• _Task item_:
The answer must consist of each line of the records below that contains the string "definition".

• _Extracted records_:
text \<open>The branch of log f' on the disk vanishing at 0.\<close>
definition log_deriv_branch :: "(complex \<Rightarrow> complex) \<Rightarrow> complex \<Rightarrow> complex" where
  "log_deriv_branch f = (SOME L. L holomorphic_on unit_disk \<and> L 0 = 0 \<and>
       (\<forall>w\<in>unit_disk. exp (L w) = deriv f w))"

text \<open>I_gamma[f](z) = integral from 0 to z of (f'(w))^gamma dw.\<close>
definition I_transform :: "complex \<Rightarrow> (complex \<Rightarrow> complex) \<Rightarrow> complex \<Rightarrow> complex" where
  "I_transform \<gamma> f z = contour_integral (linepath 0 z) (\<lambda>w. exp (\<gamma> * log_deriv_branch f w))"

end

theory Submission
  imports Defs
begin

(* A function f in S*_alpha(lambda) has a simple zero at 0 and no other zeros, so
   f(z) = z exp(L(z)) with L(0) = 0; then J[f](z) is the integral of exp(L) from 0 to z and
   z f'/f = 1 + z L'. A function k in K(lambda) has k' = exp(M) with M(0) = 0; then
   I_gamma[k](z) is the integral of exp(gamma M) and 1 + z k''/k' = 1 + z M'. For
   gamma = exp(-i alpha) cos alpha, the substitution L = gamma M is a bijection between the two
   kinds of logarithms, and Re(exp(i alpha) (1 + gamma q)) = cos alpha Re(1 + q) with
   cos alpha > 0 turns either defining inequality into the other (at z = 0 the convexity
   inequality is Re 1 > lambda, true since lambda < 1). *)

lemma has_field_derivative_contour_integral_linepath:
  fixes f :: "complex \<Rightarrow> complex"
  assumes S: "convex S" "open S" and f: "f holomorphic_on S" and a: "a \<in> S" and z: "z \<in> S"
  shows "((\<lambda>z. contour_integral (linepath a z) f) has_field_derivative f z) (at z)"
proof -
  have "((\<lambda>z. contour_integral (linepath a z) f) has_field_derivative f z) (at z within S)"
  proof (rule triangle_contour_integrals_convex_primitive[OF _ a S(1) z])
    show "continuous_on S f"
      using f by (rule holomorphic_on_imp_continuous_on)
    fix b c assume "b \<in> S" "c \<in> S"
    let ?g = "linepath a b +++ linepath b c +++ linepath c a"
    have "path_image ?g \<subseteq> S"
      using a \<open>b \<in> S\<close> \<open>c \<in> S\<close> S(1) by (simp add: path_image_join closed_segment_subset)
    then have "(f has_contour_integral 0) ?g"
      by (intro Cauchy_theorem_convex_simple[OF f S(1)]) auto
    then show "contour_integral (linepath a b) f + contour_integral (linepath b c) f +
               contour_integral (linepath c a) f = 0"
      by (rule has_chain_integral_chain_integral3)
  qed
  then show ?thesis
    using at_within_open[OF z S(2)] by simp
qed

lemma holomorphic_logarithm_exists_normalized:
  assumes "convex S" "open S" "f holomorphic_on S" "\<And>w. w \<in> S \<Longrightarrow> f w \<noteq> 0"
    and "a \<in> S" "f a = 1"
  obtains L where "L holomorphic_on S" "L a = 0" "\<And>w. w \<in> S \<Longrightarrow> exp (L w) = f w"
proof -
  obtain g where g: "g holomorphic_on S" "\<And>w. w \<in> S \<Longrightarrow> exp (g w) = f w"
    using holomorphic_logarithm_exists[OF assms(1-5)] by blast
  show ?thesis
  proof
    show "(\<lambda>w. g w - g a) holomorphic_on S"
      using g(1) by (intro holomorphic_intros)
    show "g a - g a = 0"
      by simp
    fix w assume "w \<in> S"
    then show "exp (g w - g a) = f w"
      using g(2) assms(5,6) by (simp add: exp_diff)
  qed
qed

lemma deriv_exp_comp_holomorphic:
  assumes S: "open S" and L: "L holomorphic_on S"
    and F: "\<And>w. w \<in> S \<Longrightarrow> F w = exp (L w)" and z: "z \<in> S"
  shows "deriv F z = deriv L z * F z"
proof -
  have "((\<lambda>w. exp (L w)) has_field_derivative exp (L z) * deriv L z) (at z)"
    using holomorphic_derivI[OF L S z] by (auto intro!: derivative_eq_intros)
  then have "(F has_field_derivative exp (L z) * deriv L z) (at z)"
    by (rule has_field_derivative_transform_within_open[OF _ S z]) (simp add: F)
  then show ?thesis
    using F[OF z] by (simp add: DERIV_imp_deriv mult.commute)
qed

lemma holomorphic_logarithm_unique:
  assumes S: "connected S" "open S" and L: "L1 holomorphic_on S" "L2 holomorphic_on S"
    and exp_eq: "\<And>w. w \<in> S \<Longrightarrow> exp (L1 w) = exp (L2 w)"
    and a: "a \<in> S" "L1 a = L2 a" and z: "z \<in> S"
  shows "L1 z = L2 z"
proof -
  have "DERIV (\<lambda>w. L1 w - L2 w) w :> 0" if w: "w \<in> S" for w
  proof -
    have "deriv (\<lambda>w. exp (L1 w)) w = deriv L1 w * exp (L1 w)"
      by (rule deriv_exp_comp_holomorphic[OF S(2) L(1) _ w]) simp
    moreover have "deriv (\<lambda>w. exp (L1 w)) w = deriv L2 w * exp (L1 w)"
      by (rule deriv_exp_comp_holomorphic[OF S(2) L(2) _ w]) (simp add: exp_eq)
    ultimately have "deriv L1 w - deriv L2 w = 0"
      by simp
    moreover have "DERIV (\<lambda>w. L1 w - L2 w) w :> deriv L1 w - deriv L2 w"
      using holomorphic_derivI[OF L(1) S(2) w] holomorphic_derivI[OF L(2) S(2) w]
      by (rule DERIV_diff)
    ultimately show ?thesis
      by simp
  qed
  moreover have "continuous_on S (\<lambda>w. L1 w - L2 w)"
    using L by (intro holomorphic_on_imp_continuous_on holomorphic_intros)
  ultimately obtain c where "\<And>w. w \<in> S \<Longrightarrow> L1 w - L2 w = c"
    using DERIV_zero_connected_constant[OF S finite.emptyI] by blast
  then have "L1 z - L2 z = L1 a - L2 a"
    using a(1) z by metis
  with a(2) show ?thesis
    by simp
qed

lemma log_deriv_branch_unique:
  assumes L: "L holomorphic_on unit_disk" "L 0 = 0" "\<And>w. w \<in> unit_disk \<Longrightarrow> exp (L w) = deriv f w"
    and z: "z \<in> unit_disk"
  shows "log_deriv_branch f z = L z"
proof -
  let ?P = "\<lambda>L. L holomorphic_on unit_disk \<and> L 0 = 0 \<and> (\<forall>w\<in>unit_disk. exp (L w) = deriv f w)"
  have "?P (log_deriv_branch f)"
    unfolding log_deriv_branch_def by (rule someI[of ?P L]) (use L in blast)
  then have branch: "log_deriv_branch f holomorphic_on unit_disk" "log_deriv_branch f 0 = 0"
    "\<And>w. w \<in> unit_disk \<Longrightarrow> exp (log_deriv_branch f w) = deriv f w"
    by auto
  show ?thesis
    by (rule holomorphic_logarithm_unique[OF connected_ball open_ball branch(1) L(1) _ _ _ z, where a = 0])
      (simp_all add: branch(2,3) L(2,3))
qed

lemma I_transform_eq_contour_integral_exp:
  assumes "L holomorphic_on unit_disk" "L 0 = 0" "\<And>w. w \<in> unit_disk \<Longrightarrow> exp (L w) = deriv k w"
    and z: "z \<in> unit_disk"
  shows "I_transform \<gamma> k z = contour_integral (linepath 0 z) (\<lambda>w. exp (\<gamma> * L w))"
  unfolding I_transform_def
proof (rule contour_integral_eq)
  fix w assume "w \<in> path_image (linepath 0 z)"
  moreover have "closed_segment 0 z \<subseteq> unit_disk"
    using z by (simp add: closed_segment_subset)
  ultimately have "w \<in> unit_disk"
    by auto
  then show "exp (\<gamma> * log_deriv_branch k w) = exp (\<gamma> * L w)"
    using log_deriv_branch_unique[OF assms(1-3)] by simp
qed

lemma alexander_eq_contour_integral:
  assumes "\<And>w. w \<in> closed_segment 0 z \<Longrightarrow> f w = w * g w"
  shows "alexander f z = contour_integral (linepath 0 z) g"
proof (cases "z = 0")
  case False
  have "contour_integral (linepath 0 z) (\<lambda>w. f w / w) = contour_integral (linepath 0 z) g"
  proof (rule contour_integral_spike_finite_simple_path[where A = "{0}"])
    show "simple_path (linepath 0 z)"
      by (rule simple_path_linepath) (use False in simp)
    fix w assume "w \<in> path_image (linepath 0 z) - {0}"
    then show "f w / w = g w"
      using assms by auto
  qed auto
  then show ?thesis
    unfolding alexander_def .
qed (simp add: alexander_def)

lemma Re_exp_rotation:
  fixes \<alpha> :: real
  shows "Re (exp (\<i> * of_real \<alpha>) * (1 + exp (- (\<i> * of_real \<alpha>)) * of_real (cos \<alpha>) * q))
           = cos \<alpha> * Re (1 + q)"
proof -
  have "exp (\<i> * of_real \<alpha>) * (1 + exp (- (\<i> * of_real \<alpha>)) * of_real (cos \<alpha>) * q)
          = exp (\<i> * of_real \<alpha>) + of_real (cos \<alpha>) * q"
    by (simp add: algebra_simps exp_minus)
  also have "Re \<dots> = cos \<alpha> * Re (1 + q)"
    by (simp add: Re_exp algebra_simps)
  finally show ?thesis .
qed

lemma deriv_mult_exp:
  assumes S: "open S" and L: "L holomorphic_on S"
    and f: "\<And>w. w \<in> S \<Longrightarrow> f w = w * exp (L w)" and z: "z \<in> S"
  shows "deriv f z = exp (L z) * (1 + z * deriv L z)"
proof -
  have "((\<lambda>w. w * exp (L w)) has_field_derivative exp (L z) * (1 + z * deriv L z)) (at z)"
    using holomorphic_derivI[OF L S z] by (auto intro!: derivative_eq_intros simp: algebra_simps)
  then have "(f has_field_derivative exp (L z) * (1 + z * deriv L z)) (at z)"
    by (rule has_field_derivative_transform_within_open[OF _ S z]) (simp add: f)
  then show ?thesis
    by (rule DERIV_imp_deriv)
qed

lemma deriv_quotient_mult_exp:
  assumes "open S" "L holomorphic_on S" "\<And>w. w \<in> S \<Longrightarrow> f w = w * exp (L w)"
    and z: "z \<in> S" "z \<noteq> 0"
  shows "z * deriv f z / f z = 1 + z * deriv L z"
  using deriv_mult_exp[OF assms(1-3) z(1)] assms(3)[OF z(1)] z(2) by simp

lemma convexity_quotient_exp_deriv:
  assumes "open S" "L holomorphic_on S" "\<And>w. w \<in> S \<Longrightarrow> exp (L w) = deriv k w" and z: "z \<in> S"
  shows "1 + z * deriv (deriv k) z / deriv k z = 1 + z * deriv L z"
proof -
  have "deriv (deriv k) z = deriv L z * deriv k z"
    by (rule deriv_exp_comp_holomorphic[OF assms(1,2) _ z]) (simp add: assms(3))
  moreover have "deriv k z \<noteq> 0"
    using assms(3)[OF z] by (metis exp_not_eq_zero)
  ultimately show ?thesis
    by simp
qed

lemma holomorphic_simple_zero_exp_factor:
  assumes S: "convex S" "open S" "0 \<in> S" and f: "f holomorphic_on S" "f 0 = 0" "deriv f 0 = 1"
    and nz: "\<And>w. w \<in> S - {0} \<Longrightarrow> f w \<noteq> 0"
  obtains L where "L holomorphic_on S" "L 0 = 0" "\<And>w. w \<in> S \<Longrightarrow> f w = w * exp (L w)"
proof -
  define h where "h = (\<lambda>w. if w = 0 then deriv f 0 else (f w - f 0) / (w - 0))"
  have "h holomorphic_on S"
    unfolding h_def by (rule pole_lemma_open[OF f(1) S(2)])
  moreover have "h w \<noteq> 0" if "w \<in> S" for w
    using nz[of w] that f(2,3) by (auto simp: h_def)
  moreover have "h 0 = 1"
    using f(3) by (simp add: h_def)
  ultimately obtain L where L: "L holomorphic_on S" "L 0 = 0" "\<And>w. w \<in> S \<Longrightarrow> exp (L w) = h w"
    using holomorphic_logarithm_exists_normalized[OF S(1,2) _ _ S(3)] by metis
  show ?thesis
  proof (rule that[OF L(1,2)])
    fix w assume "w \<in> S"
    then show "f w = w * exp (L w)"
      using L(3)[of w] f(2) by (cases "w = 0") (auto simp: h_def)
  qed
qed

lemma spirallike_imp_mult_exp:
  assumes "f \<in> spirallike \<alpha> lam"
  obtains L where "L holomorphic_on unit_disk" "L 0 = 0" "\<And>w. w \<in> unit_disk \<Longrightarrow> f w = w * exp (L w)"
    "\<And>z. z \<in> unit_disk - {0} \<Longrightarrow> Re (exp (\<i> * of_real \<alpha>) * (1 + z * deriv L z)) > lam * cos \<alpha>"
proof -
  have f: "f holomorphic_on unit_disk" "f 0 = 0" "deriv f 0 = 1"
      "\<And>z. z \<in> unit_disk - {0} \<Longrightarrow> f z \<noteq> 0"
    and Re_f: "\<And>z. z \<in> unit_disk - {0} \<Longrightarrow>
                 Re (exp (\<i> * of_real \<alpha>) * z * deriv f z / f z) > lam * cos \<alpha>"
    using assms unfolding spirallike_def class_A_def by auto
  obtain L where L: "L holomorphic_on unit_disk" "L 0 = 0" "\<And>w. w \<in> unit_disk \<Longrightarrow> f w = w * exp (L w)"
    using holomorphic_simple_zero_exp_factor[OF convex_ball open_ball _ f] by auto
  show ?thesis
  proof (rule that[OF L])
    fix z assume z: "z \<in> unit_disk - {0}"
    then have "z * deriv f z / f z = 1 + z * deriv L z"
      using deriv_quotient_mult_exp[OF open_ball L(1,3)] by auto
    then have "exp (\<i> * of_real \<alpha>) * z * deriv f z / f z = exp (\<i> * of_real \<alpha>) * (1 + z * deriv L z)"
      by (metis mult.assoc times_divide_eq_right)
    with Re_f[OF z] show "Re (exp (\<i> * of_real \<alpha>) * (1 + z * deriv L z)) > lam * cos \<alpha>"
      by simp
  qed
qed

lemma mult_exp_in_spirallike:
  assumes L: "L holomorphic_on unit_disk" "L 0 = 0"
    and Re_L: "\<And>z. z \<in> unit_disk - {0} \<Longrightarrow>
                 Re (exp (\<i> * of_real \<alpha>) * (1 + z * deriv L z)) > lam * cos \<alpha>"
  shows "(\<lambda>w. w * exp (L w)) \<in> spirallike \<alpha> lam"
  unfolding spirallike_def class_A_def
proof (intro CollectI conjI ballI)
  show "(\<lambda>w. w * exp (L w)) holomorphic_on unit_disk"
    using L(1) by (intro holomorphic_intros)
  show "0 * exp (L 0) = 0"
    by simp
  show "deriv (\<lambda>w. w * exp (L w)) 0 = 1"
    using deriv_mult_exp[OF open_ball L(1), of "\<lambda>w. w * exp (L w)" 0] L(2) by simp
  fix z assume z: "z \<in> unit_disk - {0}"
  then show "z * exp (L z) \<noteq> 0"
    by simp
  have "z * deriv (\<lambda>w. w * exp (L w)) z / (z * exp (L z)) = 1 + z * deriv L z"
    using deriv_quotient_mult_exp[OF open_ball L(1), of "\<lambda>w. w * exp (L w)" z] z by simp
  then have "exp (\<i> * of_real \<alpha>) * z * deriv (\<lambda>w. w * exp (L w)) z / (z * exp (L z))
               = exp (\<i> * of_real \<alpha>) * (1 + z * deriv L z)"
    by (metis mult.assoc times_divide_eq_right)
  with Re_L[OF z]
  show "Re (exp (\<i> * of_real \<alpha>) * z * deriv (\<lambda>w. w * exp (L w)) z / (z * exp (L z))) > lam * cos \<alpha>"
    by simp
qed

• _Finished exercise_:
definition log_deriv_branch :: "(complex \<Rightarrow> complex) \<Rightarrow> complex \<Rightarrow> complex" where
definition I_transform :: "complex \<Rightarrow> (complex \<Rightarrow> complex) \<Rightarrow> complex \<Rightarrow> complex" where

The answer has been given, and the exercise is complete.